Exercise: Starting at the line that holds "z i) / ?n \<le>" and stopping at the line that holds "finally show False", restate the records below word for word, with both of those lines included.
##### Data records
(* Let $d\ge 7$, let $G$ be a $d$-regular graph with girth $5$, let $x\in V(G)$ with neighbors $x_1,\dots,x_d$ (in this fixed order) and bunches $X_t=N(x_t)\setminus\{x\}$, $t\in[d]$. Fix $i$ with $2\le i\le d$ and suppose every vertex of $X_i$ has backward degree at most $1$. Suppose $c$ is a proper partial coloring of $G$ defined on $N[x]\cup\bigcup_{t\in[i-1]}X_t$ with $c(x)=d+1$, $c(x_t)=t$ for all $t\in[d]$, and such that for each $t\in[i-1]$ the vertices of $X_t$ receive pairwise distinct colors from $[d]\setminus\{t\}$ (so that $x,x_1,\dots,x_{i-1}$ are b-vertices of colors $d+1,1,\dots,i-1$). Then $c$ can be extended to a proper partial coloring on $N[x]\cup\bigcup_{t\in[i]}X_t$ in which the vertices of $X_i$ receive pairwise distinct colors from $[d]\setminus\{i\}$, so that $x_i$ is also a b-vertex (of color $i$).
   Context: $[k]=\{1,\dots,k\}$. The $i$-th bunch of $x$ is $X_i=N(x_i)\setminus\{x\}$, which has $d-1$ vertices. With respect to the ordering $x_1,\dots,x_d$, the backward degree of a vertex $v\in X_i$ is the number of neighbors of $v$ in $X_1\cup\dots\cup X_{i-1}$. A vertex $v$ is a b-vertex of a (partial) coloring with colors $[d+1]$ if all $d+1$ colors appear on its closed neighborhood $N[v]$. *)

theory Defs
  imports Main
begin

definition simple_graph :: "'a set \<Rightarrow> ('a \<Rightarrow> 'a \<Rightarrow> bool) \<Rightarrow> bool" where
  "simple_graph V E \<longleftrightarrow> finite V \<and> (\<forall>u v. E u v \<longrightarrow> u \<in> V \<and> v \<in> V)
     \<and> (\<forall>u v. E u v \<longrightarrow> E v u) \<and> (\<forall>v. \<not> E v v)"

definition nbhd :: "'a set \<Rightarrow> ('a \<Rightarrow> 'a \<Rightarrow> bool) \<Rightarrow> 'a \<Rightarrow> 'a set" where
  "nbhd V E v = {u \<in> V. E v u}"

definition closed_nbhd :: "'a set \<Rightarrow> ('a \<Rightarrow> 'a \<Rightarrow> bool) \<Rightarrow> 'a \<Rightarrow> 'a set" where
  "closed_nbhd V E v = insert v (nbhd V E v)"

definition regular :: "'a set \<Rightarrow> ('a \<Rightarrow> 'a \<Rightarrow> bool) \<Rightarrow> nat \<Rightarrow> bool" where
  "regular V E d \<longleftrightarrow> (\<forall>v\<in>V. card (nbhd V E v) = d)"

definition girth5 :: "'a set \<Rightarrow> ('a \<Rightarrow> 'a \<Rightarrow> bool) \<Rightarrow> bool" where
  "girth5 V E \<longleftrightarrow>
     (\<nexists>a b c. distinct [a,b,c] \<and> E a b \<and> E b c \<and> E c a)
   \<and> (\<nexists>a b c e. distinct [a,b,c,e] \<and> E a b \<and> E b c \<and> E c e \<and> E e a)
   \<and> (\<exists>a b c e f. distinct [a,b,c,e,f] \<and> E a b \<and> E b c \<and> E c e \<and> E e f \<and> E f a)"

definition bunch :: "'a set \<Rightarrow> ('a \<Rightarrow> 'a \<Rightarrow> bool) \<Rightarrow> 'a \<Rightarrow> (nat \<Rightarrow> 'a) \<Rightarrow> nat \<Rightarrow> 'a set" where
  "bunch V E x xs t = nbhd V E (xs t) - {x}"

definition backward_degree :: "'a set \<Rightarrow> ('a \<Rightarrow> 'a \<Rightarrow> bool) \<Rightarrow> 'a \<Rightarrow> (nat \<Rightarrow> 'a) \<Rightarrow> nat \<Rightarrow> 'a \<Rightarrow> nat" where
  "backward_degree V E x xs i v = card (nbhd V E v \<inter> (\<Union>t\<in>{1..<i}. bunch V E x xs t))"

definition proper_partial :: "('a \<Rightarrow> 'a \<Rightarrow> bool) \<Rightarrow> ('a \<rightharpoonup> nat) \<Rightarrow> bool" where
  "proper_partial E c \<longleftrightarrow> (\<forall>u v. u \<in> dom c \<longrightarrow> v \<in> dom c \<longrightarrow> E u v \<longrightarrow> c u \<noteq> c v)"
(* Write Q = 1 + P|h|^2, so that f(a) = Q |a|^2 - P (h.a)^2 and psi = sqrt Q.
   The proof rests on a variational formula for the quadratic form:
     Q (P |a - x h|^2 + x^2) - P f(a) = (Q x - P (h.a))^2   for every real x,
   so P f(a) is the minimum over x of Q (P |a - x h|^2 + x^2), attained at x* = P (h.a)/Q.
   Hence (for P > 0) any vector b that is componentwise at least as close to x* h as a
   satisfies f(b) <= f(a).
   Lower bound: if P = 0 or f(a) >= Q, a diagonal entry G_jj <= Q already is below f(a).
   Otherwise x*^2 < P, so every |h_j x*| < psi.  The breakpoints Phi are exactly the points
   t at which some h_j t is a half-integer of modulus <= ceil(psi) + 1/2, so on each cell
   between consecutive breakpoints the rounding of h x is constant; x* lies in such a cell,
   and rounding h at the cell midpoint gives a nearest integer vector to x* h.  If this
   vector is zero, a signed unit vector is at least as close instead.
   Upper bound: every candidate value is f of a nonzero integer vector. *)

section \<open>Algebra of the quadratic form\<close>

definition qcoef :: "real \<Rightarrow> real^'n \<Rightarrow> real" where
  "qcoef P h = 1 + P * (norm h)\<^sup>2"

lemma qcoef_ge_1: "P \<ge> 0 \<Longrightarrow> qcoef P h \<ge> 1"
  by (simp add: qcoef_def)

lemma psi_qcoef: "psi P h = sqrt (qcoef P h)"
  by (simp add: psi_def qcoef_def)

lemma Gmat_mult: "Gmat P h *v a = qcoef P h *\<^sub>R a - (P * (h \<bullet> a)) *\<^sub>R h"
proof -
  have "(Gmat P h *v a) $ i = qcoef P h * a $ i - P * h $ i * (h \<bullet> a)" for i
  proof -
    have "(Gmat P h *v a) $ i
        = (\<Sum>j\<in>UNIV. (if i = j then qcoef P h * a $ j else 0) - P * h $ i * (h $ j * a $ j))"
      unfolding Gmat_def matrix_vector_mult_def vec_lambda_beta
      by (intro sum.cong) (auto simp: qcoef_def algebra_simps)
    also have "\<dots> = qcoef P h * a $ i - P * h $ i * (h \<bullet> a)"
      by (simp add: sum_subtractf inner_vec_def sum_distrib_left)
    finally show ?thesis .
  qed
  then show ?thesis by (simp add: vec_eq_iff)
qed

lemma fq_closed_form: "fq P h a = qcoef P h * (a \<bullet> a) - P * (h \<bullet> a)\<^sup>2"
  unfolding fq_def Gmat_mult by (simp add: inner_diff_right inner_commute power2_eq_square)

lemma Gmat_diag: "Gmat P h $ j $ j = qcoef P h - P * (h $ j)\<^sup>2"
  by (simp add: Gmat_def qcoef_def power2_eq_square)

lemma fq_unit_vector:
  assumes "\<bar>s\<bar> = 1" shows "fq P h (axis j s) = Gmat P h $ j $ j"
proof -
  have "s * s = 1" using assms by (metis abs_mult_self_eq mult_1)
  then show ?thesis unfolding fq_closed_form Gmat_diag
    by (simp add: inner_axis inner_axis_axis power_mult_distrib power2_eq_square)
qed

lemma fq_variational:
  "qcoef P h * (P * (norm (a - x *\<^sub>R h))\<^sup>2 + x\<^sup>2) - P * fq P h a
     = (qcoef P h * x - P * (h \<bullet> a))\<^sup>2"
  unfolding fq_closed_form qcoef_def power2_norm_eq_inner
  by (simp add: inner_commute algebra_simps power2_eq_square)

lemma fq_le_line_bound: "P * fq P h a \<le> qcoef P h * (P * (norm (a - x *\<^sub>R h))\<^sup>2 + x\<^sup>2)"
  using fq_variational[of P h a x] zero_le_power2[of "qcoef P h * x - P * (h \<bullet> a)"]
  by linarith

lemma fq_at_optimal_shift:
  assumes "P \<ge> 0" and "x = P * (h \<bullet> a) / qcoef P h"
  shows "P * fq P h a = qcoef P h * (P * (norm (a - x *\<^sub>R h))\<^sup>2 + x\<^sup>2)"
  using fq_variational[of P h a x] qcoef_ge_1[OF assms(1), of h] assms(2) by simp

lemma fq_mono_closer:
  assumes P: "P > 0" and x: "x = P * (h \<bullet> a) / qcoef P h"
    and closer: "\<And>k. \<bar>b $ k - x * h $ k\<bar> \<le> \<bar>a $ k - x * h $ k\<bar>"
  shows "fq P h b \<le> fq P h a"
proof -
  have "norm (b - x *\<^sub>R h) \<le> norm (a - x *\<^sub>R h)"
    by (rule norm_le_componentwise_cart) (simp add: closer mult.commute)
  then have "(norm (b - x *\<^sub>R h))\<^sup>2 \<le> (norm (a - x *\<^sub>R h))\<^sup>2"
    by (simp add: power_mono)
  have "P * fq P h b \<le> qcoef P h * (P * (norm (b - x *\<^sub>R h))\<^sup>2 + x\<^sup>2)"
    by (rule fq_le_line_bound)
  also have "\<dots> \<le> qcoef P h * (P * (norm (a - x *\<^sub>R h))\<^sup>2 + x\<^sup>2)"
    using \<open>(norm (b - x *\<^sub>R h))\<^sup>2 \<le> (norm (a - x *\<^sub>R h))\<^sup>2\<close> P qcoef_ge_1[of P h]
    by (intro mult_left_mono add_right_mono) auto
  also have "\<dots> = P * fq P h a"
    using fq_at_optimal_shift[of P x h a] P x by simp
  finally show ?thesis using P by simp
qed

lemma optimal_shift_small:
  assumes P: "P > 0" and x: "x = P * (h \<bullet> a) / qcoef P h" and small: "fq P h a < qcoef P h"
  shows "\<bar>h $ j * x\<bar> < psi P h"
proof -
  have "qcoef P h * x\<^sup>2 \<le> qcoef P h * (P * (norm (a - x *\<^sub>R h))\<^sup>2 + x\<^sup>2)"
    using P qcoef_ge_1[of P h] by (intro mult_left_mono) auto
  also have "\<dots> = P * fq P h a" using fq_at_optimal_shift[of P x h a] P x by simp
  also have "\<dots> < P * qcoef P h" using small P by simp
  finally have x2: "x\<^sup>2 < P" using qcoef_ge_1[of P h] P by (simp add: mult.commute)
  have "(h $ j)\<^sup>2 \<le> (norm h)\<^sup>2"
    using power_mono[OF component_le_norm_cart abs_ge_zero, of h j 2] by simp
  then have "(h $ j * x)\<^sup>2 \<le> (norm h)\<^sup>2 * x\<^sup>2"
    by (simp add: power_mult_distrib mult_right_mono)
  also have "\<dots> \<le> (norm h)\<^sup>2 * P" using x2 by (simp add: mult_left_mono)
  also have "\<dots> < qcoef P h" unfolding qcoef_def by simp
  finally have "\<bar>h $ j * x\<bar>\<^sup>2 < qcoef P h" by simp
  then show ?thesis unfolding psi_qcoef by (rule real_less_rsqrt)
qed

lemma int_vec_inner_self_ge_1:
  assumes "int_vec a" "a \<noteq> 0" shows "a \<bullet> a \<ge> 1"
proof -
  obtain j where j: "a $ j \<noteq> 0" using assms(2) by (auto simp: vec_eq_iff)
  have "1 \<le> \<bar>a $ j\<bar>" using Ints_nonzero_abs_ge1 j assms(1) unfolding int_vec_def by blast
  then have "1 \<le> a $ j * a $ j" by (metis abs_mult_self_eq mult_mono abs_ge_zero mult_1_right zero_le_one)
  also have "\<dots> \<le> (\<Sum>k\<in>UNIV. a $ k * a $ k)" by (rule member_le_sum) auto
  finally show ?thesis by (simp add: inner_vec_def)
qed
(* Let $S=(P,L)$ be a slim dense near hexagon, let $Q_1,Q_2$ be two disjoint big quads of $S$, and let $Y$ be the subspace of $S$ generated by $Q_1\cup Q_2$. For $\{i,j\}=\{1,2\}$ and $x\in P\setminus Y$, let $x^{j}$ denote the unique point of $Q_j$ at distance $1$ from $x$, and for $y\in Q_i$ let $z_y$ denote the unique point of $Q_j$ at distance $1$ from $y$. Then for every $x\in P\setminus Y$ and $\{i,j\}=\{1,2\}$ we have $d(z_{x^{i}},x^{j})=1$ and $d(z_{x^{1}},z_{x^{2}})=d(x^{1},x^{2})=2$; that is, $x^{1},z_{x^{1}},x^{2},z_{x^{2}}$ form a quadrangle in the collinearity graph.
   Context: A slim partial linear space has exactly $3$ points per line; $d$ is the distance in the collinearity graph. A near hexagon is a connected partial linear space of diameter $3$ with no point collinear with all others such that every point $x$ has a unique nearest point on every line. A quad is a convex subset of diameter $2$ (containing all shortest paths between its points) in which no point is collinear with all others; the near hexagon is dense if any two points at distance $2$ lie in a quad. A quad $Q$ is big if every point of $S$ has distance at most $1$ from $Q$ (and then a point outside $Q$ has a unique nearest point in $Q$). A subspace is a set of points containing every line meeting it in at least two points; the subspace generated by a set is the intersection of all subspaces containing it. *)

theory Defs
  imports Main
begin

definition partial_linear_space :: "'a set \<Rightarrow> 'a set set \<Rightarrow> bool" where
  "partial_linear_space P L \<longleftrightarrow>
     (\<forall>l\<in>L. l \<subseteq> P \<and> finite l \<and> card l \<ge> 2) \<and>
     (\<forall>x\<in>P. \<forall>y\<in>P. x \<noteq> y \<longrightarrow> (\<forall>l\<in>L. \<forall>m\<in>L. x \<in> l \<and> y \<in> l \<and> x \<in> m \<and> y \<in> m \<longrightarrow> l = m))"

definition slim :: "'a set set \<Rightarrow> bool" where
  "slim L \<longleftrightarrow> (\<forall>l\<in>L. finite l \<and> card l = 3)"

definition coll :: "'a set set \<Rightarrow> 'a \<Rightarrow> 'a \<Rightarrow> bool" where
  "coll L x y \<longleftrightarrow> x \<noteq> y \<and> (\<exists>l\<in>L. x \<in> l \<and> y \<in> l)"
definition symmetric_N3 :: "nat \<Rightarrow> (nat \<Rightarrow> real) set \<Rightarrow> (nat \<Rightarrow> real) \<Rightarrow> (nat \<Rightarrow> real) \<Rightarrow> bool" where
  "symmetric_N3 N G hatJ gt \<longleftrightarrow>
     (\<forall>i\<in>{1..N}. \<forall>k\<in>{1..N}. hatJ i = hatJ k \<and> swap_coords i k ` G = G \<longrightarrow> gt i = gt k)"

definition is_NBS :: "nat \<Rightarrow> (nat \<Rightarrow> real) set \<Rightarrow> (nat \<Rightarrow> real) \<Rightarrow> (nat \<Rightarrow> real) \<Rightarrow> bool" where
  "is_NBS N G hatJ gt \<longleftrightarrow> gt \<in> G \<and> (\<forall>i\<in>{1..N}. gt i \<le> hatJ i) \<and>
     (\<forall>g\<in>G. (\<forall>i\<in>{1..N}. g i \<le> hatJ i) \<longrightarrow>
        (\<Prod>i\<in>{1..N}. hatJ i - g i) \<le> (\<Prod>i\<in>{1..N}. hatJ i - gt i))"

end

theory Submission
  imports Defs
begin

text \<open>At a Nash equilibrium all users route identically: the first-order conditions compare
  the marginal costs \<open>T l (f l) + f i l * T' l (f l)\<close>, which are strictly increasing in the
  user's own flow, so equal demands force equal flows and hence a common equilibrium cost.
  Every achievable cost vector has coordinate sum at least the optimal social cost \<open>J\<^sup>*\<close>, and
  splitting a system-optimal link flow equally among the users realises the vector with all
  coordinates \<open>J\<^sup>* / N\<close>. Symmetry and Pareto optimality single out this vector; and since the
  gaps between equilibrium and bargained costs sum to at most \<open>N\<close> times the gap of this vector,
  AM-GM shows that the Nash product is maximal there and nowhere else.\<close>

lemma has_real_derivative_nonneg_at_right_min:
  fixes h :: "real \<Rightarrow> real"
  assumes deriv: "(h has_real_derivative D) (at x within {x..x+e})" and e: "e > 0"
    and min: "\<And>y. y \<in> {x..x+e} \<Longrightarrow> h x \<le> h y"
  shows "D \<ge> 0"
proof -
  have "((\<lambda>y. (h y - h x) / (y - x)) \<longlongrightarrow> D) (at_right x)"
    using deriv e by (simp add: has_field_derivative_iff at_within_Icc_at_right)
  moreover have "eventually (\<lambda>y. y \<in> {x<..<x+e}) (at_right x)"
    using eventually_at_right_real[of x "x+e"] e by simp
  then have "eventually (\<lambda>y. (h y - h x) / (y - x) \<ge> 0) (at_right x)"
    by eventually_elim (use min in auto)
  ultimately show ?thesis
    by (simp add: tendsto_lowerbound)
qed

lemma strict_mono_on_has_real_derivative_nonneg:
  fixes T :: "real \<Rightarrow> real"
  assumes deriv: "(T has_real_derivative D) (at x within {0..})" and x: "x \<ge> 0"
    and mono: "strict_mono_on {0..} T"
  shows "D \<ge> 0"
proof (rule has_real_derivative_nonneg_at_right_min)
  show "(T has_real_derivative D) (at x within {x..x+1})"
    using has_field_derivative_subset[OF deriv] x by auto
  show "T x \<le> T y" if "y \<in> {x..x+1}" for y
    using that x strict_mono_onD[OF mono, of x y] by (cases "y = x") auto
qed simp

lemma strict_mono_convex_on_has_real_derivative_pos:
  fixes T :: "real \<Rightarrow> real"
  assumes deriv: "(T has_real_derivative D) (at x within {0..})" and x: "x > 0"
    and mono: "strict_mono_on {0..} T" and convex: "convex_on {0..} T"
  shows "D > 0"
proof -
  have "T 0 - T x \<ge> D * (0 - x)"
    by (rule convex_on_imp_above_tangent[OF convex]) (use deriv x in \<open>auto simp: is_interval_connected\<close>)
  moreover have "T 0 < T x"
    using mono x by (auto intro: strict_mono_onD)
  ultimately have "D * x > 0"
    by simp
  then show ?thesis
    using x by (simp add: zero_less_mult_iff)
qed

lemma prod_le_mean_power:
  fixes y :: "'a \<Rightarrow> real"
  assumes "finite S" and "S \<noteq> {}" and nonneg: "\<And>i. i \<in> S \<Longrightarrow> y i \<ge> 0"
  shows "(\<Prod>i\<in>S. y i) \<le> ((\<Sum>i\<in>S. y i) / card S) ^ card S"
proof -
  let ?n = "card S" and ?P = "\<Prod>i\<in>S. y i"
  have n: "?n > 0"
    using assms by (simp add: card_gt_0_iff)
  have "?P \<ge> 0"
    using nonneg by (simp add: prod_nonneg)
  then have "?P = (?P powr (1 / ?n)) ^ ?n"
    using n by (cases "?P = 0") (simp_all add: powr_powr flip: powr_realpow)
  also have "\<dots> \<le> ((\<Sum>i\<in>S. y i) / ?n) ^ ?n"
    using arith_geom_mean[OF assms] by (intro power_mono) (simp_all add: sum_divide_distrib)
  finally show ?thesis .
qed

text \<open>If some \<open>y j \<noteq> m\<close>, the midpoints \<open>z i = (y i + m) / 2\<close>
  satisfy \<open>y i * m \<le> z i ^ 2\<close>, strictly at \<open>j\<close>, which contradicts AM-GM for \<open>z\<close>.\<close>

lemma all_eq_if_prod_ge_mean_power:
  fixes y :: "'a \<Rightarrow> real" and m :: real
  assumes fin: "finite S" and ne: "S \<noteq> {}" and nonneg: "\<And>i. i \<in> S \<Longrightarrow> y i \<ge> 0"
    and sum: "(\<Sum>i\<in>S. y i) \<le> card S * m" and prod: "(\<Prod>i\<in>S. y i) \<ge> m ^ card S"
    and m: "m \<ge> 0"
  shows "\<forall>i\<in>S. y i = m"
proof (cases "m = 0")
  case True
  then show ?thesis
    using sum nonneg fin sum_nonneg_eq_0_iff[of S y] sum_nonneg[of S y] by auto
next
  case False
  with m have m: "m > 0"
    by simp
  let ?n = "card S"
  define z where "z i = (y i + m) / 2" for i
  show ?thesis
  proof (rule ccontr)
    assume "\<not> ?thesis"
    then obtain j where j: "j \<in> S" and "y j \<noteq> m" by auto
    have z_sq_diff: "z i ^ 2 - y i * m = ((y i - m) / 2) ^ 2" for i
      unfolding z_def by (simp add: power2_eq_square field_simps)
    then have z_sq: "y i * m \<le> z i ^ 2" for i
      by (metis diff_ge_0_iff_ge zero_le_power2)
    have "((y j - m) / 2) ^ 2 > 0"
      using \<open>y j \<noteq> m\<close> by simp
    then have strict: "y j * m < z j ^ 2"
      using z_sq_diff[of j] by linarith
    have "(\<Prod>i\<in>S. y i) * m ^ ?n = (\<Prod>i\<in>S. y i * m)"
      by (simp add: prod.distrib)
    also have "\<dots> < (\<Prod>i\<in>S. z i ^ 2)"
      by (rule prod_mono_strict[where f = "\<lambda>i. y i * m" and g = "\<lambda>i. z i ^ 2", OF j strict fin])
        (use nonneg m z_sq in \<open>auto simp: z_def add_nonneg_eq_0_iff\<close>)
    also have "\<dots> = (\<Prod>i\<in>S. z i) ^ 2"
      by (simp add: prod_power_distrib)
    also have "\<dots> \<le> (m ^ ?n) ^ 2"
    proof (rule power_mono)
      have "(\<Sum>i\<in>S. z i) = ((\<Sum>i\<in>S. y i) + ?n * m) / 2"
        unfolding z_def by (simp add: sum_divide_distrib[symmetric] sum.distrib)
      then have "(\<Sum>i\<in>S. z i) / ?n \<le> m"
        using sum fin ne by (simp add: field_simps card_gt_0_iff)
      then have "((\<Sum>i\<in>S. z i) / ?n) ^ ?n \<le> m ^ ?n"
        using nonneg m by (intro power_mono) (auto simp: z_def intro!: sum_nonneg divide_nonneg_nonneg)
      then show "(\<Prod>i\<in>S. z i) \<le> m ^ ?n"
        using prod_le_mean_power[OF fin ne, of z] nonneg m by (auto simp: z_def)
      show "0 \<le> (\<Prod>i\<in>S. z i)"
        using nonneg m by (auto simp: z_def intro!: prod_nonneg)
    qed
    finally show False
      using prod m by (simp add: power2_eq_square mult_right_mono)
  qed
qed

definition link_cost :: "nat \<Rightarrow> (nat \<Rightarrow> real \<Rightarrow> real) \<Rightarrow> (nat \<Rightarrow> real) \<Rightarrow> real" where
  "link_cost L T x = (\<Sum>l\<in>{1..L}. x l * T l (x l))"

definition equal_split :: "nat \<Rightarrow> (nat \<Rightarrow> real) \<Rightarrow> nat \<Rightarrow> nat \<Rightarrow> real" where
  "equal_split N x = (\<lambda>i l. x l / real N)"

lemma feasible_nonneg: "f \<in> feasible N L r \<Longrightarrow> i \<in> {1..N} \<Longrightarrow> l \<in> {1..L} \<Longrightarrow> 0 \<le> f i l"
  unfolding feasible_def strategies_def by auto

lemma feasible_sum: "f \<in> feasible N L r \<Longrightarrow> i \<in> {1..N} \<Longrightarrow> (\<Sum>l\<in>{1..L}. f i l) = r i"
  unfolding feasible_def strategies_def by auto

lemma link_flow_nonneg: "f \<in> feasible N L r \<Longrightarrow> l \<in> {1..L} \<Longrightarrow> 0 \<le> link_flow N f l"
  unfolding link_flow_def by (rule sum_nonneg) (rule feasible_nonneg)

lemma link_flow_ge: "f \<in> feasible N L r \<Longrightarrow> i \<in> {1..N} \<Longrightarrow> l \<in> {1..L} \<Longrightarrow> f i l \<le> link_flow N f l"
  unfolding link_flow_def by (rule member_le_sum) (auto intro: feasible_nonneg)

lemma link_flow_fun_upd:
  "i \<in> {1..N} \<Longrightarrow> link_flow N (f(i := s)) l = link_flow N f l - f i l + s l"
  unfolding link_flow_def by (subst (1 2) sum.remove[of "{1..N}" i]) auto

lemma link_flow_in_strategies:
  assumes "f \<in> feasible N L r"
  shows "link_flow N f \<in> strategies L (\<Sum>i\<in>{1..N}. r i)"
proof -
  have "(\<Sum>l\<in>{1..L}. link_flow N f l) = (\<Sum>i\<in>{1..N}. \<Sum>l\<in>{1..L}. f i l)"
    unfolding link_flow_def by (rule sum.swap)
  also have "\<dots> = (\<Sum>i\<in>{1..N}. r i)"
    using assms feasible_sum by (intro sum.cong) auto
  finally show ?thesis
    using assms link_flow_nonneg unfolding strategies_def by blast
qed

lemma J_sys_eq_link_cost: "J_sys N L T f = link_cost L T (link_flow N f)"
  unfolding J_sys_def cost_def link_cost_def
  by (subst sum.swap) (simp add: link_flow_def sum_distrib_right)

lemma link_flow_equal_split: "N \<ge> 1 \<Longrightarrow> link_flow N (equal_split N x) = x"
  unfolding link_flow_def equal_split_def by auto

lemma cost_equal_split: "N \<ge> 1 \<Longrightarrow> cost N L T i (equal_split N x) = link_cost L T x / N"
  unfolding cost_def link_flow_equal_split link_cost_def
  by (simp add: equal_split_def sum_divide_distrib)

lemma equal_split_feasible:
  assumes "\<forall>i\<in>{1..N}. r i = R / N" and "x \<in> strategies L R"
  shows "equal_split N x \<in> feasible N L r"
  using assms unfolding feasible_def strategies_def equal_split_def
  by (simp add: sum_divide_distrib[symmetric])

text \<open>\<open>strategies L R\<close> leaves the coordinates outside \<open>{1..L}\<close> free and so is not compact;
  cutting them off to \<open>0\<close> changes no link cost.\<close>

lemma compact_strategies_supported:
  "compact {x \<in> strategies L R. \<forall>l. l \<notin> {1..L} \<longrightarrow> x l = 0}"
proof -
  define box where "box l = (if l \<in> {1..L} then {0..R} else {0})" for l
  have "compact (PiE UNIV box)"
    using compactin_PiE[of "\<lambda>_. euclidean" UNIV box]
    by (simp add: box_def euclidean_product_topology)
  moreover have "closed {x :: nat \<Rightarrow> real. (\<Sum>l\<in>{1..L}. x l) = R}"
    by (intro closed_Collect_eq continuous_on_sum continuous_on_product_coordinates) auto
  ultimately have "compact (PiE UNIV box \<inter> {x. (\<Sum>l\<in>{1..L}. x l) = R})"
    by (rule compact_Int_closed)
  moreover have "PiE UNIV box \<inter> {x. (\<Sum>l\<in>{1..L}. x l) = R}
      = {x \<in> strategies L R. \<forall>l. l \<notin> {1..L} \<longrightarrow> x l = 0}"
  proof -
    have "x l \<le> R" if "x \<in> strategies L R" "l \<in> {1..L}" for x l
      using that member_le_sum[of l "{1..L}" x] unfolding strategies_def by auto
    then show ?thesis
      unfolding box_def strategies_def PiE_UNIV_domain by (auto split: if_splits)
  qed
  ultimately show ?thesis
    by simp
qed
##########
Your solution:
      then have "(\<Sum>i\<in>S. z i) / ?n \<le> m"
        using sum fin ne by (simp add: field_simps card_gt_0_iff)
      then have "((\<Sum>i\<in>S. z i) / ?n) ^ ?n \<le> m ^ ?n"
        using nonneg m by (intro power_mono) (auto simp: z_def intro!: sum_nonneg divide_nonneg_nonneg)
      then show "(\<Prod>i\<in>S. z i) \<le> m ^ ?n"
        using prod_le_mean_power[OF fin ne, of z] nonneg m by (auto simp: z_def)
      show "0 \<le> (\<Prod>i\<in>S. z i)"
        using nonneg m by (auto simp: z_def intro!: prod_nonneg)
    qed
    finally show False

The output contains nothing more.